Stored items

★ ★ ★ ★ ★

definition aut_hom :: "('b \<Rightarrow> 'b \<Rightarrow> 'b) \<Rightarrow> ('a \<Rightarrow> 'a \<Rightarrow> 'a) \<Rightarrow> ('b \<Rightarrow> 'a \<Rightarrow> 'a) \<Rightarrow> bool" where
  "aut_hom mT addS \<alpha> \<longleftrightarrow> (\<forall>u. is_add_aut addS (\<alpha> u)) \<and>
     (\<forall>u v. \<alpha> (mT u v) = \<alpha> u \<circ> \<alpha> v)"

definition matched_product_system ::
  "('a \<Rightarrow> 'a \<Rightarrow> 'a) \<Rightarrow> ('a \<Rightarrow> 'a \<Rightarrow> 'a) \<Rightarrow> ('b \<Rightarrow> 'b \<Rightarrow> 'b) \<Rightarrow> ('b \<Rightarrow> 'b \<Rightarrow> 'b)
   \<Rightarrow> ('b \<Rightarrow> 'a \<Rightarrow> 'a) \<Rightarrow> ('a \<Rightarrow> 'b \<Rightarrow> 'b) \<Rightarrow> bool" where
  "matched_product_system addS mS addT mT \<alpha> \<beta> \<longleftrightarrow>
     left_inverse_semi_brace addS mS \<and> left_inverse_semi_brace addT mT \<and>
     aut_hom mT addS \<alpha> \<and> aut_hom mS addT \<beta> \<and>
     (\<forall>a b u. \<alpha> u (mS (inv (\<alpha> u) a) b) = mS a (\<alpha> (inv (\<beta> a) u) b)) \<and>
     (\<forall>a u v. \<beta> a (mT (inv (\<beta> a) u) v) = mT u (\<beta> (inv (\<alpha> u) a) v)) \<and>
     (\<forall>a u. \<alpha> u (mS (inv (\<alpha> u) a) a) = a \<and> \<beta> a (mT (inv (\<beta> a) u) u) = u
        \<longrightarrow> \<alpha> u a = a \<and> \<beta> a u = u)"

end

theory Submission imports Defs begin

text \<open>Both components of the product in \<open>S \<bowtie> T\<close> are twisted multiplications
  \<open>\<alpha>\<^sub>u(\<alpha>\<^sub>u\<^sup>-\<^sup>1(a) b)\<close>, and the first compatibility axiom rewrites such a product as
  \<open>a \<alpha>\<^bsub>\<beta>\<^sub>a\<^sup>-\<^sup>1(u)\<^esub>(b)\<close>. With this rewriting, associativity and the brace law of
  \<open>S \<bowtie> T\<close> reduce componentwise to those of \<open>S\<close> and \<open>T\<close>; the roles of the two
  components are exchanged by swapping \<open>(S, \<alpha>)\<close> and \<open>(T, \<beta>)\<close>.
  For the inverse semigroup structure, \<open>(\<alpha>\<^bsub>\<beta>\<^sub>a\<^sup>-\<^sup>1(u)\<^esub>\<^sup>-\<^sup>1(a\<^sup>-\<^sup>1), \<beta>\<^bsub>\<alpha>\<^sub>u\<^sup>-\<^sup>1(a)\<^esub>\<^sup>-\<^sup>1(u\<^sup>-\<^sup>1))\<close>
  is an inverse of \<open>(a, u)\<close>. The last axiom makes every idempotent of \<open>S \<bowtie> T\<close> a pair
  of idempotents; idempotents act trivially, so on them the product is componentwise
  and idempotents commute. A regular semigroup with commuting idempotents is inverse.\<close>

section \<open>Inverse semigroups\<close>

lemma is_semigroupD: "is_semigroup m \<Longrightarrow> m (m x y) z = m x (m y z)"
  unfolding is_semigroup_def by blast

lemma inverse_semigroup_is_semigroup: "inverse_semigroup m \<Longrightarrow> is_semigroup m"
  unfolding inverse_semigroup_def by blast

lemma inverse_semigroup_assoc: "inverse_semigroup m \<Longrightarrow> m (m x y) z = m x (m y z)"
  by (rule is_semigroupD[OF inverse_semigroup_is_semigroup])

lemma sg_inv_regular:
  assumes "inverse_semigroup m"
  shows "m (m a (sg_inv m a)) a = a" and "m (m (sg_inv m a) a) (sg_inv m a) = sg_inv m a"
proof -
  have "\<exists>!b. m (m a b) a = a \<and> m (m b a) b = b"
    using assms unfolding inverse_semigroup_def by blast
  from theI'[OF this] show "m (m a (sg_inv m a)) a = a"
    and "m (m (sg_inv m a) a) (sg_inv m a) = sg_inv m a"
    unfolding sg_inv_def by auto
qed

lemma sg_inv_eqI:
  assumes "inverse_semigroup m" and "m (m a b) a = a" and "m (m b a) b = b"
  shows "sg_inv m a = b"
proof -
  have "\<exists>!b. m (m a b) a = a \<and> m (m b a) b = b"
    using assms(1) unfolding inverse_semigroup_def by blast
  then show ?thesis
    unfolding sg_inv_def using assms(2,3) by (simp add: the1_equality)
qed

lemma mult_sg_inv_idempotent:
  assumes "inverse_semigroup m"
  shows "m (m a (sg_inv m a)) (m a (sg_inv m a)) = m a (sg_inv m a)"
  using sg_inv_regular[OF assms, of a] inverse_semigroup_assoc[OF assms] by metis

★ ★ ★ ★ ★

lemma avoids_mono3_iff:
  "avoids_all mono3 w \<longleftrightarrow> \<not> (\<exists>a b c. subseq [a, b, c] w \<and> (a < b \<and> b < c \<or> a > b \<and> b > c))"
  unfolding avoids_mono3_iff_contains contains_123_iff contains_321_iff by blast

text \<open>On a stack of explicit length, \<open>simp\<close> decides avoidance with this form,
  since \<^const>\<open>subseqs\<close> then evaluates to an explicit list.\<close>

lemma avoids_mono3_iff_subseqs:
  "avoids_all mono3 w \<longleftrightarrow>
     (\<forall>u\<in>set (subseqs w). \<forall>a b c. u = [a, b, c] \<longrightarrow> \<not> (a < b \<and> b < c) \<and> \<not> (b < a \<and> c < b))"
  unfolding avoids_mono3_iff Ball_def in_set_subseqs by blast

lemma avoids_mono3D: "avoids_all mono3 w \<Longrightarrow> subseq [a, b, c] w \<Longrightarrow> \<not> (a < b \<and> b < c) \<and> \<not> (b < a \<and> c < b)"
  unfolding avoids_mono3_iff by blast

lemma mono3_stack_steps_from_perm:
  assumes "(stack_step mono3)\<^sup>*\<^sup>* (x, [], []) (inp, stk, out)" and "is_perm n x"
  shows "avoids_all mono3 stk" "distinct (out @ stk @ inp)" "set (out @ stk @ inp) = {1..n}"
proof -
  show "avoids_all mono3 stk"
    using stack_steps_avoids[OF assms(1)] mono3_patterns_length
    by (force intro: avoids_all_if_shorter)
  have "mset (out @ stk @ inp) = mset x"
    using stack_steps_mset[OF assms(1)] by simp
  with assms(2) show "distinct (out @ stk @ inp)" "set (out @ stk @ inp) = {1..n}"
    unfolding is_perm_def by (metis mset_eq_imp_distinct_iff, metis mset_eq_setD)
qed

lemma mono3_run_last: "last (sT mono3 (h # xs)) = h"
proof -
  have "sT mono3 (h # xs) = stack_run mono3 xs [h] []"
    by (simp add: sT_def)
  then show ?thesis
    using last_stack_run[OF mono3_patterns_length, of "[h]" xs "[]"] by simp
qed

★ ★ ★ ★ ★

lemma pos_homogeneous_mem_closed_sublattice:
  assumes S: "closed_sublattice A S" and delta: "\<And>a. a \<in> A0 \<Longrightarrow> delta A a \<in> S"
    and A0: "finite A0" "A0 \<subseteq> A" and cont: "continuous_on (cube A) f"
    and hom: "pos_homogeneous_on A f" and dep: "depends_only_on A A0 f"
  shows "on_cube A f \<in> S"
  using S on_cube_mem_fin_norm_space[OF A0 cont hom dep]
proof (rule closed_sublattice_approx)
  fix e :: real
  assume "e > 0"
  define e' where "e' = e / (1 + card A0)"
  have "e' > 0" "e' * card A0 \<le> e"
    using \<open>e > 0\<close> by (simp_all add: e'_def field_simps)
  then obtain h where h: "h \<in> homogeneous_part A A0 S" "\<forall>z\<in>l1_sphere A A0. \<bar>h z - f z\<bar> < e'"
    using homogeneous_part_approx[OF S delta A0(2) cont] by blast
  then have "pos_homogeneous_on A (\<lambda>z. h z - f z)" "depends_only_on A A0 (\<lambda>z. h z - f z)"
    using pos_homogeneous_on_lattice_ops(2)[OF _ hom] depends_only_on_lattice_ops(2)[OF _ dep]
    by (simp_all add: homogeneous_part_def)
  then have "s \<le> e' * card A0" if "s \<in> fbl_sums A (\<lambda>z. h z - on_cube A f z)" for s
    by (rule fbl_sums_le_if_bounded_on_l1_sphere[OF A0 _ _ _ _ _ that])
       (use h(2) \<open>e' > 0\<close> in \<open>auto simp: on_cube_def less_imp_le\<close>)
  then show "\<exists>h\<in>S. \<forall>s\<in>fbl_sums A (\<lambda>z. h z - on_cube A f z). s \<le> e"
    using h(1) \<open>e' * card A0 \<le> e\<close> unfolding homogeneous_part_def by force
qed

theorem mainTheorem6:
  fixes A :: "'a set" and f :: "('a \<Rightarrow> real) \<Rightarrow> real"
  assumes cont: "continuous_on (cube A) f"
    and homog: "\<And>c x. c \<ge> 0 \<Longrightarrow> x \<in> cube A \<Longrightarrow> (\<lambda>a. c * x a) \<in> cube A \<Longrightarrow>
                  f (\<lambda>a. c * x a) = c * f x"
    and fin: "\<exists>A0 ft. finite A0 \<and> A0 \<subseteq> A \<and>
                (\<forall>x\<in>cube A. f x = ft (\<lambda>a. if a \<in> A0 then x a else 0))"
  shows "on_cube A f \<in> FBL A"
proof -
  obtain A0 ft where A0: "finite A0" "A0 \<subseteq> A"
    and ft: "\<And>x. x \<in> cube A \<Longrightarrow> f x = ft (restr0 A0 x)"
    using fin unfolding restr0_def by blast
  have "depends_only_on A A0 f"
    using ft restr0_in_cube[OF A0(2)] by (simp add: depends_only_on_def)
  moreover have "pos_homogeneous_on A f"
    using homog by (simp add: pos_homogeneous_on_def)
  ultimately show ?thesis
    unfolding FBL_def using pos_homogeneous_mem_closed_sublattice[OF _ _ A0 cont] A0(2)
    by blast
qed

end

★ ★ ★ ★ ★

*Your instructions*
Out of the data above, transcribe exactly and only the lines starting with the line that has "using S on_cube_mem_fin_norm_space[OF" and going on through the line that has "using \<open>e >", both included.

*Expected answer*
  using S on_cube_mem_fin_norm_space[OF A0 cont hom dep]
proof (rule closed_sublattice_approx)
  fix e :: real
  assume "e > 0"
  define e' where "e' = e / (1 + card A0)"
  have "e' > 0" "e' * card A0 \<le> e"
    using \<open>e > 0\<close> by (simp_all add: e'_def field_simps)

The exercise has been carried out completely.